Japan and South Korea need to use the recent UNESCO decision awarding world cultural heritage status to sites proposed by both countries as an opportunity to improve their troubled bilateral relationship, whose chilliness is symbolized by the absence of a one-on-one meeting between the top leaders of the close neighbors for four years. Both Tokyo and Seoul need to realize that the bitter diplomatic wrangling over the heritage site issue — which is supposed to be free of political considerations — was the direct result of the poor state of ties.

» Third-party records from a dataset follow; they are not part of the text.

lemma interior_off_skeleton:
  assumes "K \<in> Th" "x \<in> convex hull K" "x \<notin> skeleton"
  shows "x \<in> interior (convex hull K)"
  using assms closed_convex_hull[OF assms(1)] unfolding skeleton_def frontier_def
  by (auto simp: closure_closed)

lemma ncval_eq:
  assumes v: "v \<in> Vnc Th Om" and K: "K \<in> Th" "w \<in> mids K"
  shows "ncval Th v w = v K w"
proof -
  have "\<exists>K. K \<in> Th \<and> w \<in> mids K"
    using K by blast
  then have "(SOME K. K \<in> Th \<and> w \<in> mids K) \<in> Th \<and> w \<in> mids (SOME K. K \<in> Th \<and> w \<in> mids K)"
    by (rule someI_ex)
  then show ?thesis
    using v K unfolding ncval_def Vnc_def by blast
qed

end

lemma L2ip_cmult: "L2ip Om f (\<lambda>x. t * g x) = t * L2ip Om f g"
proof -
  have "(\<lambda>x. f x * (t * g x)) = (\<lambda>x. t * (f x * g x))"
    by (simp add: algebra_simps)
  then show ?thesis
    unfolding L2ip_def by simp
qed

lemma bilin_a_cmult:
  assumes "negligible N" and diff: "\<And>x. x \<in> Om \<Longrightarrow> x \<notin> N \<Longrightarrow> g differentiable (at x)"
  shows "bilin_a Om u (\<lambda>x. t * g x) = t * bilin_a Om u g"
proof -
  have "integral Om (grad_inner u (\<lambda>x. t * g x)) = integral Om (\<lambda>x. t * grad_inner u g x)"
  proof (rule integral_spike[OF assms(1)])
    fix x
    assume "x \<in> Om - N"
    then have "(g has_derivative frechet_derivative g (at x)) (at x)"
      using diff frechet_derivative_works by blast
    then have "((\<lambda>y. t * g y) has_derivative (\<lambda>h. t * frechet_derivative g (at x) h)) (at x)"
      using has_derivative_mult[OF has_derivative_const[of t]] by simp
    then have "frechet_derivative (\<lambda>y. t * g y) (at x) = (\<lambda>h. t * frechet_derivative g (at x) h)"
      by (rule frechet_derivative_at[symmetric])
    then show "t * grad_inner u g x = grad_inner u (\<lambda>x. t * g x) x"
      unfolding grad_inner_def by (simp add: sum_distrib_left algebra_simps)
  qed
  then show ?thesis
    unfolding bilin_a_def by simp
qed

section \<open>The basis functions of an interior edge midpoint\<close>

locale interior_edge = triangulation +
  fixes a b z :: pt and K0 :: "pt set"
  assumes K0: "K0 \<in> Th" and a_K0: "a \<in> K0" and b_K0: "b \<in> K0" and a_neq_b: "a \<noteq> b"
    and z_def: "z = midpoint a b" and z_Om: "z \<in> Om"
begin

lemma z_in_K0: "z \<in> convex hull K0"
  using midpoint_in_convex_hull_triangle[OF triangle[OF K0] a_K0 b_K0] z_def by simp

lemma z_mids_K0: "z \<in> mids K0"
  unfolding mids_def using a_K0 b_K0 a_neq_b z_def by blast

lemma z_int_mids: "z \<in> int_mids Th Om"
  unfolding int_mids_def all_mids_def using z_mids_K0 K0 z_Om by blast

lemma bary_coord_z:
  assumes "K \<in> Th" "z \<in> convex hull K"
  shows "bary_coord K a z = 1/2" "bary_coord K b z = 1/2"
proof -
  have "bary_coord K p z = bary_coord K0 p z" for p
    using bary_coord_consistent[OF assms(1) K0 assms(2) z_in_K0] .
  moreover have "bary_coord K0 a z = 1/2" "bary_coord K0 b z = 1/2"
    unfolding z_def using bary_coord_midpoint[OF triangle[OF K0] a_K0 b_K0] a_neq_b by simp_all
  ultimately show "bary_coord K a z = 1/2" "bary_coord K b z = 1/2"
    by simp_all
qed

In view of Prime Minister Shinzo Abe's planned statement marking the 70th anniversary of Japan's surrender in World War II, the issue of "comfort women" — whose numbers included many Koreans — as well as lingering ripples from the differences in the two governments' position over the heritage site issue, it is imperative that leaders and officials of Tokyo and Seoul strive to minimize friction between the two countries and to turn 2015 — which also marks half a century after they normalized diplomatic ties — into a mutually beneficial year.

The UNESCO World Heritage committee on July 5 granted cultural heritage status to 23 industrial sites symbolizing Japan's rapid industrialization following the Meiji Restoration and to eight historical sites dating back to South Korea's ancient kingdom of Baekje — after the wrangling over historical perception between Japan and South Korea was finally resolved.